El mundo es un caos. Y los
humanos nos sentimos muy desorientados en ese embrollo. Necesitamos ordenarlo.
Así que tenemos una especie de casillero mental donde lo vamos clasificando
todo. Una vez esa idea ya tiene su lugar en nuestro cerebro, nos gusta mucho ir
apuntalándola. Nuestros
ojos escudriñan la realidad solo buscando los datos que validan nuestras
certezas, y pasan totalmente por alto las informaciones que las contradicen.
Por eso, en parte, creemos tener tan buen ojo con la gente, sin darnos cuenta
de que nuestro ojo tiene una parte ciega.
“Nunca tendrás una segunda oportunidad
de causar una buena primera impresión” (Anónimo)
Pablo cree poseer un talento
especial para detectar a los clientes que finalmente acabarán comprando algún
mueble. Analicemos a Pablo. Entra un hombre trajeado en su tienda y rápidamente
lo analiza, “este
tiene pinta de que se va a dejar el dinero”. Con este pensamiento
motivador en mente se dirige con la mejor de sus sonrisas al cliente y lo informa
detenidamente sobre el producto. Y efectivamente, al final, el cliente compra.
Ese mismo día entra otra señora. Por su aspecto, Pablo cree que no adquirirá
nada. La clienta le pregunta por un secreter, y Pablo le contesta con desgana.
La señora se marcha. ¿Realmente Pablo tiene una intuición especial o es su
conducta la que determina el resultado final?

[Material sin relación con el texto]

text \<open>
  Both sides of the equivalence are statements about derivatives pushed forward to equivalence
  classes. As the quotient map is a homomorphism, \<open>dbar\<close> at the class of \<open>e\<close> is the derivative
  of \<open>e\<close> pushed forward along the quotient map. So \<open>cls st \<circ> h\<close> is a homomorphism iff, for every
  \<open>x \<in> X\<close>, the derivative of \<open>h x\<close> and \<open>\<beta> x\<close> have the same pushforward to classes; and the
  derivative of the right-hand side \<open>sol_rhs \<beta> h x\<close> is, modulo \<open>\<equiv>\<close>, \<open>\<beta> x\<close> pushed forward along \<open>h\<close>.
  What remains is that \<open>e \<equiv> f\<close> iff their derivatives agree modulo \<open>\<equiv>\<close>. One direction is again
  the homomorphism property. For the other, the fundamental theorem writes \<open>e\<close>, below each atom
  \<open>\<alpha>\<close>, as the weighted sum of the \<open>sys(d)\<close> with weights \<open>\<partial>(e)\<^sub>\<alpha>(d)\<close>, and the axioms of weighted
  choice bring a weighted sum into a normal form that only depends on the total weight of each
  equivalence class of summands.
\<close>

section \<open>Pushforward of weight functions\<close>

definition pushforward :: "('a \<Rightarrow> 'b) \<Rightarrow> ('a \<Rightarrow> 's::comm_monoid_add) \<Rightarrow> 'b \<Rightarrow> 's" where
  "pushforward f \<nu> y = mass \<nu> (f -` {y})"

lemma mass_singleton [simp]: "mass \<nu> {a} = \<nu> a"
proof -
  have "{b \<in> {a}. \<nu> b \<noteq> 0} = (if \<nu> a = 0 then {} else {a})"
    by auto
  then show ?thesis
    by (simp add: mass_def)
qed

lemma mass_cong: "(\<And>a. \<nu> a \<noteq> 0 \<Longrightarrow> a \<in> A \<longleftrightarrow> a \<in> B) \<Longrightarrow> mass \<nu> A = mass \<nu> B"
  unfolding mass_def by (rule arg_cong[where f = "sum \<nu>"]) auto

lemma mass_eq_sum:
  assumes "finite D" and "{a. \<nu> a \<noteq> 0} \<subseteq> D"
  shows "mass \<nu> A = sum \<nu> (A \<inter> D)"
  unfolding mass_def using assms by (intro sum.mono_neutral_left) auto

lemma pushforward_unique_preimage: "f -` {f a} = {a} \<Longrightarrow> pushforward f \<nu> (f a) = \<nu> a"
  by (simp add: pushforward_def)

lemma mass_pushforward:
  assumes fin: "finite {a. \<nu> a \<noteq> 0}"
  shows "mass (pushforward f \<nu>) B = mass \<nu> (f -` B)"
proof -
  let ?D = "{a. \<nu> a \<noteq> 0}"
  have supp: "{y. pushforward f \<nu> y \<noteq> 0} \<subseteq> f ` ?D"
  proof
    fix y assume "y \<in> {y. pushforward f \<nu> y \<noteq> 0}"
    then have "mass \<nu> (f -` {y}) \<noteq> 0"
      by (simp add: pushforward_def)
    then show "y \<in> f ` ?D"
      unfolding mass_def by (rule contrapos_np) (auto intro!: sum.neutral)
  qed
  have "mass (pushforward f \<nu>) B = (\<Sum>y\<in>B \<inter> f ` ?D. mass \<nu> (f -` {y}))"
    unfolding pushforward_def[symmetric] using fin supp by (intro mass_eq_sum) auto
  also have "\<dots> = (\<Sum>y\<in>B \<inter> f ` ?D. sum \<nu> {a \<in> f -` B \<inter> ?D. f a = y})"
  proof (rule sum.cong)
    fix y assume "y \<in> B \<inter> f ` ?D"
    then have "{a \<in> f -` B \<inter> ?D. f a = y} = f -` {y} \<inter> ?D"
      by auto
    then show "mass \<nu> (f -` {y}) = sum \<nu> {a \<in> f -` B \<inter> ?D. f a = y}"
      using fin by (simp add: mass_eq_sum[of ?D])
  qed simp
  also have "\<dots> = sum \<nu> (f -` B \<inter> ?D)"
    using fin by (intro sum.group) auto
  also have "\<dots> = mass \<nu> (f -` B)"
    using fin by (simp add: mass_eq_sum[of ?D])
  finally show ?thesis .
qed

lemma pushforward_comp:
  "finite {a. \<nu> a \<noteq> 0} \<Longrightarrow> pushforward (g \<circ> f) \<nu> = pushforward g (pushforward f \<nu>)"
  by (simp add: fun_eq_iff pushforward_def mass_pushforward vimage_comp)

lemma pushforward_factor:
  assumes "finite {a. \<nu> a \<noteq> 0}" and "finite {a. \<mu> a \<noteq> 0}"
    and "\<And>a b. \<kappa> a = \<kappa> b \<Longrightarrow> g a = g b"
    and "pushforward \<kappa> \<nu> = pushforward \<kappa> \<mu>"
  shows "pushforward g \<nu> = pushforward g \<mu>"
proof -
  define G where "G y = g (SOME a. \<kappa> a = y)" for y
  have "g = G \<circ> \<kappa>"
    unfolding G_def fun_eq_iff comp_def by (metis (mono_tags, lifting) assms(3) someI)
  then show ?thesis
    using assms by (simp add: pushforward_comp)
qed

fun list_weight :: "('s::comm_monoid_add \<times> 'a) list \<Rightarrow> 'a \<Rightarrow> 's" where
  "list_weight [] a = 0"
| "list_weight ((r, b) # L) a = (if b = a then r else 0) + list_weight L a"

lemma list_weight_append [simp]: "list_weight (L @ M) a = list_weight L a + list_weight M a"
  by (induction L a rule: list_weight.induct) (simp_all add: add.assoc)

lemma list_weight_scale [simp]:
  "list_weight (map (apfst ((*) t)) L) a = (t::'s::semiring_0) * list_weight L a"
  by (induction L a rule: list_weight.induct) (simp_all add: distrib_left)

lemma list_weight_filter:
  "list_weight (filter (\<lambda>(r, b). b \<noteq> c) L) a = (if a = c then 0 else list_weight L a)"
  by (induction L a rule: list_weight.induct) auto

lemma list_weight_nonzero: "list_weight L a \<noteq> 0 \<Longrightarrow> a \<in> snd ` set L"
  by (induction L a rule: list_weight.induct) (auto split: if_splits)

lemma finite_list_weight_support: "finite {a. list_weight L a \<noteq> 0}"
  by (rule finite_subset[of _ "snd ` set L"]) (auto dest: list_weight_nonzero)

lemma list_weight_map_snd_sum:
  "finite D \<Longrightarrow> snd ` set L \<subseteq> D \<Longrightarrow>
     list_weight (map (apsnd f) L) y = sum (list_weight L) (f -` {y} \<inter> D)"
proof (induction L)
  case (Cons p L)
  obtain r b where p: "p = (r, b)"
    by fastforce
  with Cons.prems have "sum (\<lambda>a. if b = a then r else 0) (f -` {y} \<inter> D) = (if f b = y then r else 0)"
    by simp
  with Cons p show ?case
    by (simp add: sum.distrib)
qed simp

lemma list_weight_map_snd: "list_weight (map (apsnd f) L) = pushforward f (list_weight L)"
proof -
  have supp: "{a. list_weight L a \<noteq> 0} \<subseteq> snd ` set L"
    by (auto dest: list_weight_nonzero)
  show ?thesis
    by (simp add: fun_eq_iff pushforward_def list_weight_map_snd_sum mass_eq_sum[OF _ supp])
qed

lemma list_weight_map_snd_cong:
  "list_weight L = list_weight M \<Longrightarrow> list_weight (map (apsnd f) L) = list_weight (map (apsnd f) M)"
  by (simp add: list_weight_map_snd)

lemma map_apsnd_apfst: "map (apsnd f) (map (apfst g) L) = map (apfst g) (map (apsnd f) L)"
  by (simp add: apsnd_apfst_commute)

lemma enum_list: "finite A \<Longrightarrow> distinct (enum_list A) \<and> set (enum_list A) = A"
  unfolding enum_list_def by (rule someI_ex) (use finite_distinct_list in blast)

definition weight_list :: "('a \<Rightarrow> 's::zero) \<Rightarrow> ('s \<times> 'a) list" where
  "weight_list \<nu> = map (\<lambda>a. (\<nu> a, a)) (enum_list {a. \<nu> a \<noteq> 0})"

lemma list_weight_map_distinct:
  "distinct xs \<Longrightarrow> list_weight (map (\<lambda>a. (\<nu> a, a)) xs) b = (if b \<in> set xs then \<nu> b else 0)"
  by (induction xs) auto

lemma list_weight_weight_list: "finite {a. \<nu> a \<noteq> 0} \<Longrightarrow> list_weight (weight_list \<nu>) = \<nu>"
  by (auto simp: fun_eq_iff weight_list_def list_weight_map_distinct enum_list)

lemma pushforward_map_out_Tr:
  assumes "\<And>q x'. \<nu> (Tr q x') \<noteq> 0 \<Longrightarrow> x' \<in> X"
  shows "pushforward (map_out id id h) \<nu> (Tr p y) = mass \<nu> {Tr p x' | x'. x' \<in> X \<and> h x' = y}"
  unfolding pushforward_def
proof (rule mass_cong)
  fix d assume "\<nu> d \<noteq> 0"
  then show "d \<in> map_out id id h -` {Tr p y} \<longleftrightarrow> d \<in> {Tr p x' | x'. x' \<in> X \<and> h x' = y}"
    using assms by (cases d) auto
qed

lemma pushforward_map_out_output:
  assumes "k \<in> {Acc, Rej} \<union> range OutV"
  shows "pushforward (map_out id id h) \<nu> (map_out id id h k) = \<nu> k"
proof (rule pushforward_unique_preimage)
  have "map_out id id h d = map_out id id h k \<longleftrightarrow> d = k" for d
    using assms by (cases d) auto
  then show "map_out id id h -` {map_out id id h k} = {k}"
    by auto
qed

No podemos evitar seleccionar
la información y es muy difícil no crearnos expectativas. Afortunadamente, si
conocemos nuestras tendencias podemos ir suavizándolas. Sabemos que nuestras
neuronas están programadas para darnos una impresión muy rápida del extraño que
tenemos delante. Por suerte, hoy en día no tenemos tanta prisa como nuestros
antepasados por emitir un juicio. Si, de entrada, nuestro corazón nos dice que
se trata de una buena o mala persona, podemos intentar ser conscientes de esa
sensación inconsciente y matizarla con más datos que vayamos recabando sobre la
persona. No hay prisa.
La primera impresión, la surgida del inconsciente, no la hemos
de desechar. Tenemos que escuchar los murmullos de nuestro inconsciente, pero
matizarlos con los datos que nuestra conciencia, con más lentitud, vaya
recopilando.
“Con seguridad, cuando trates de
causarle buena impresión a alguien cometerás alguna estupidez” (Anónimo)

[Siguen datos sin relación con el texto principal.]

theorem mainTheorem8:
  fixes N :: "('p,'t) pnet" and M0 :: "'p \<Rightarrow> nat"
  assumes "wf_net N"
  shows
    "(oneS N \<longrightarrow> oneS (Theta N)) \<and>
     (homogeneous N \<longrightarrow> homogeneous (Theta N)) \<and>
     (H1S_WMG_le N \<longrightarrow> H1S_WMG_le (Theta N)) \<and>
     (strongly_connected N \<and> H1S_WMG_le N \<and> strongly_connected (shared_deletion N) \<longrightarrow>
        strongly_connected (Theta N) \<and> H1S_WMG_le (Theta N) \<and>
        strongly_connected (shared_deletion (Theta N)))
   \<and> (\<forall>\<alpha>. feasible N M0 \<alpha> \<longrightarrow> feasible (Theta N) (Theta_M0 M0) (expand N \<alpha>))
   \<and> (\<forall>\<beta>'. feasible (Theta N) (Theta_M0 M0) \<beta>' \<longrightarrow>
        feasible (Theta N) (Theta_M0 M0) (reduce N \<beta>') \<and>
        (\<exists>\<alpha>. feasible N M0 \<alpha> \<and> feasible (Theta N) (Theta_M0 M0) (expand N \<alpha>) \<and>
             parikh (expand N \<alpha>) = parikh (reduce N \<beta>')))
   \<and> ((\<forall>p \<in> places N. struct_bounded N M0 p) \<longrightarrow>
        (\<forall>p \<in> places (Theta N). struct_bounded (Theta N) (Theta_M0 M0) p))
   \<and> (deadlockable (Theta N) (Theta_M0 M0) \<longleftrightarrow> deadlockable N M0)
   \<and> (live (Theta N) (Theta_M0 M0) \<longleftrightarrow> live N M0)"
proof -
  interpret wf_pnet N using assms by (rule wf_pnet.intro)
  show ?thesis
    using oneS_Theta homogeneous_Theta H1S_WMG_le_Theta strongly_connected_Theta
      strongly_connected_shared_deletion_Theta feasible_expand feasible_reduce reduce_parikh_expand
      struct_bounded_Theta deadlockable_Theta_iff live_Theta_iff
    by blast
qed

end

Nos gusta gustar. Y encima, a todo el mundo. Paradójicamente,
ese deseo puede ser culpable a veces de que no caigamos bien. Lo primero
sería extirparnos del cerebro esa ridícula idea de agradar a toda costa. Con el
deseo de gustar, en una mano, y con la certeza del determinismo de la primera
impresión, en la otra, no es fácil mantenerse tranquilo cuando vamos a conocer
al alguien y podemos cometer muchos deslices, por ejemplo, en una entrevista de
trabajo.
El error por excelencia es “la actuación”.
Cuando actuamos puede haber una especie de disociación entre lo que decimos y
lo que comunicamos por vía no verbal. Nuestros gestos y nuestras palabras no
bailan armoniosamente. Y esa incongruencia es algo que no pasa desapercibido al
inconsciente de nuestro interlocutor. Ser nosotros mismos, la autenticidad, es lo mejor para
causar una buena primera impresión.
Sin embargo, lo de ser auténticos es un consejo que nos suena
fatal si no nos gustamos. La raíz de la primera impresión que causamos a los
demás se encuentra en la impresión que tenemos de nosotros mismos. Dejar de
preocuparnos tanto por la imagen que proyectamos y ocuparnos más de cómo
estamos con nosotros mismos puede ser un sabio camino.
ACERTAR
O NO ACERTAR
PELÍCULAS
La cinematografía nos muestra
cómo la primera impresión algunas veces es atinada, y otras, no.
– ‘A primera vista’, de Irwin Winkler.
– ‘Los puentes de Madison’, de Clint Eastwood.
– ‘Nueve reinas’, de Fabian Bielinsky.
– ‘Orgullo y prejuicio’, de Joe Wright.
– ‘Adivina quién viene a cenar esta noche’, de Stanley Kramer.